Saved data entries
*** Begin section ***

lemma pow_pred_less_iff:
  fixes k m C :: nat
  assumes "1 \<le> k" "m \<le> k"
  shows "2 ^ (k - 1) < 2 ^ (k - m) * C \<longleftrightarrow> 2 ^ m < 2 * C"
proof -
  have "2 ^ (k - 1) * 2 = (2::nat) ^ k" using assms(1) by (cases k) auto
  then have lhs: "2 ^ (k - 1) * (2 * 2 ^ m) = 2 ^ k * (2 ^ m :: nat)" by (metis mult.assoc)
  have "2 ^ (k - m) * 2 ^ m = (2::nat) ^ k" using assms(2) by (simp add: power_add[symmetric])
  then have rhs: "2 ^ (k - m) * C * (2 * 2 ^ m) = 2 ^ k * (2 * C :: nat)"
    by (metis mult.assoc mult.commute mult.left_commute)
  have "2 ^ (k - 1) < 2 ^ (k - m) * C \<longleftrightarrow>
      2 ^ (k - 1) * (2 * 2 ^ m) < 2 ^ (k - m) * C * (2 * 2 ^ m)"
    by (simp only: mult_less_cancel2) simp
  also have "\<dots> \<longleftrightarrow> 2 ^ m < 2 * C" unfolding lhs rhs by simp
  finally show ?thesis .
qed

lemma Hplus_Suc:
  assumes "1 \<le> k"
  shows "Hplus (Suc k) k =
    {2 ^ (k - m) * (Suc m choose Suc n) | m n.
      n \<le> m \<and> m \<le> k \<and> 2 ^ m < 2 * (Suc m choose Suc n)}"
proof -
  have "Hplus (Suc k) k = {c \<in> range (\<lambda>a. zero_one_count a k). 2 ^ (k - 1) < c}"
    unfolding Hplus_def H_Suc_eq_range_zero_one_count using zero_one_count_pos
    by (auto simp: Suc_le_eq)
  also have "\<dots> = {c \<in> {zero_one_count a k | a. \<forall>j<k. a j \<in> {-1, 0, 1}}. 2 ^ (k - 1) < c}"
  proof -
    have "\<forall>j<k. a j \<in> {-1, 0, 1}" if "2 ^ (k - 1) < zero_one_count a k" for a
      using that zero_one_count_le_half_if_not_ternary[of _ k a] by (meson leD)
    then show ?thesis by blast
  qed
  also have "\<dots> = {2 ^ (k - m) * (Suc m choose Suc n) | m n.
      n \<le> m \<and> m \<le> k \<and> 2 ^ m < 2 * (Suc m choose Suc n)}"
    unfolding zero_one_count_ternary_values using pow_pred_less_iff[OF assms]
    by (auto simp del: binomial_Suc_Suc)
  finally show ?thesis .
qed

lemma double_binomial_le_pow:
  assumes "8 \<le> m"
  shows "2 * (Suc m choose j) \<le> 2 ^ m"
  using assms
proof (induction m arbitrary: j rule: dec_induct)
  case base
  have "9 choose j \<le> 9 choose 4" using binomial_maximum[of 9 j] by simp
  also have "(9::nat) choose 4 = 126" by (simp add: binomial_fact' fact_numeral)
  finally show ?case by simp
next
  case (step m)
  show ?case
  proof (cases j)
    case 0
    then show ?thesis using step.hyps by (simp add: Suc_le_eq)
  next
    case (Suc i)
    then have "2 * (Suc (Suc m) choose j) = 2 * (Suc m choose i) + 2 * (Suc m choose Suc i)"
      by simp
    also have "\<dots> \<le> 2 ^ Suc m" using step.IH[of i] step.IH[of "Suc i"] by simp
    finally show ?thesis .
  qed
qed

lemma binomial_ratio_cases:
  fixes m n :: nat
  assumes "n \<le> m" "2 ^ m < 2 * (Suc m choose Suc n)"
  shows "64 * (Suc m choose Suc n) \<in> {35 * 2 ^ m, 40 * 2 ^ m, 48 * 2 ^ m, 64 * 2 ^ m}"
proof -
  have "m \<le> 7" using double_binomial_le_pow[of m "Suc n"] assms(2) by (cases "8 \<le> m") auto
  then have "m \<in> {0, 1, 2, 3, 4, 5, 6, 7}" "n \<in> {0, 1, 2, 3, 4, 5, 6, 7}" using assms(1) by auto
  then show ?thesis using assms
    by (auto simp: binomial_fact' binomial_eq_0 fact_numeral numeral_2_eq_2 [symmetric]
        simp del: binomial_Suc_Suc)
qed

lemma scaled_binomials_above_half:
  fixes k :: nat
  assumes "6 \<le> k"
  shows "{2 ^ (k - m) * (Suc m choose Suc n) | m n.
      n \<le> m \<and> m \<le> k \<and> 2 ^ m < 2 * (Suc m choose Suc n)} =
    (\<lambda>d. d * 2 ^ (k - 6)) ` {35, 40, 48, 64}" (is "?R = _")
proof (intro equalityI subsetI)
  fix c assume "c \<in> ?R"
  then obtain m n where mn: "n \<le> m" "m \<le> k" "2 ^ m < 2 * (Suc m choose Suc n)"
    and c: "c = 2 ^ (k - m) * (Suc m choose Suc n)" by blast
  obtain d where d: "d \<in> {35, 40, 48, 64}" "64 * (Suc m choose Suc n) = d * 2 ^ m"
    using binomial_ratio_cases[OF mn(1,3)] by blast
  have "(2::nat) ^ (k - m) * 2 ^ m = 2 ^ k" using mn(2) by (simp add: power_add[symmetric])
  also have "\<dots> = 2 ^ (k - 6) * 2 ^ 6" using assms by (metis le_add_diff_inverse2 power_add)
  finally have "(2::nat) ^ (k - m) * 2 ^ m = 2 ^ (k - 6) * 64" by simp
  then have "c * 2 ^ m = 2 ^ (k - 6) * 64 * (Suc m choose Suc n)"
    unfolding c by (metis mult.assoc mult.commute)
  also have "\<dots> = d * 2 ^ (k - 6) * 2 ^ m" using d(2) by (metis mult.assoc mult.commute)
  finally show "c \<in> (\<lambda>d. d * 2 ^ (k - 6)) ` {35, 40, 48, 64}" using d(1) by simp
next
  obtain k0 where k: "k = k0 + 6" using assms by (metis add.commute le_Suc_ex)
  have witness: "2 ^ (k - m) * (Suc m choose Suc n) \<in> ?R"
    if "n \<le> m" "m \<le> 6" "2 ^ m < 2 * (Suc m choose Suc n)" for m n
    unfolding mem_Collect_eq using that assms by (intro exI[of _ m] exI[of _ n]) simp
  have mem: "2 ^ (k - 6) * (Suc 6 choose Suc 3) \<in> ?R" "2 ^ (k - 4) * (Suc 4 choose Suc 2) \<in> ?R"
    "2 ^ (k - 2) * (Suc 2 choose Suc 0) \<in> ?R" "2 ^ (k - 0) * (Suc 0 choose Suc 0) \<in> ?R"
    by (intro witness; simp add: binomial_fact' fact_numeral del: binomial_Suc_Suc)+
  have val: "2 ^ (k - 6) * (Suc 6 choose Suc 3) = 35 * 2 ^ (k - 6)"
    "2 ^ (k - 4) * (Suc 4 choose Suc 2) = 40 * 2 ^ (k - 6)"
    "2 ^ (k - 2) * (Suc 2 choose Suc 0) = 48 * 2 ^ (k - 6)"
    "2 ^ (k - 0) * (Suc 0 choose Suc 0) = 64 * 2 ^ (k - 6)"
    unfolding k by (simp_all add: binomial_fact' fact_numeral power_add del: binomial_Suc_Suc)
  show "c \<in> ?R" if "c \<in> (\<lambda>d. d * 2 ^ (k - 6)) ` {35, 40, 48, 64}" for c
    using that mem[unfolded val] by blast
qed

*** End section ***

- **Description of the task**
Write out a verbatim copy of the data, beginning with its first line and ending with the line that contains "(cases k) auto".

- **Answer to this task**
lemma pow_pred_less_iff:
  fixes k m C :: nat
  assumes "1 \<le> k" "m \<le> k"
  shows "2 ^ (k - 1) < 2 ^ (k - m) * C \<longleftrightarrow> 2 ^ m < 2 * C"
proof -
  have "2 ^ (k - 1) * 2 = (2::nat) ^ k" using assms(1) by (cases k) auto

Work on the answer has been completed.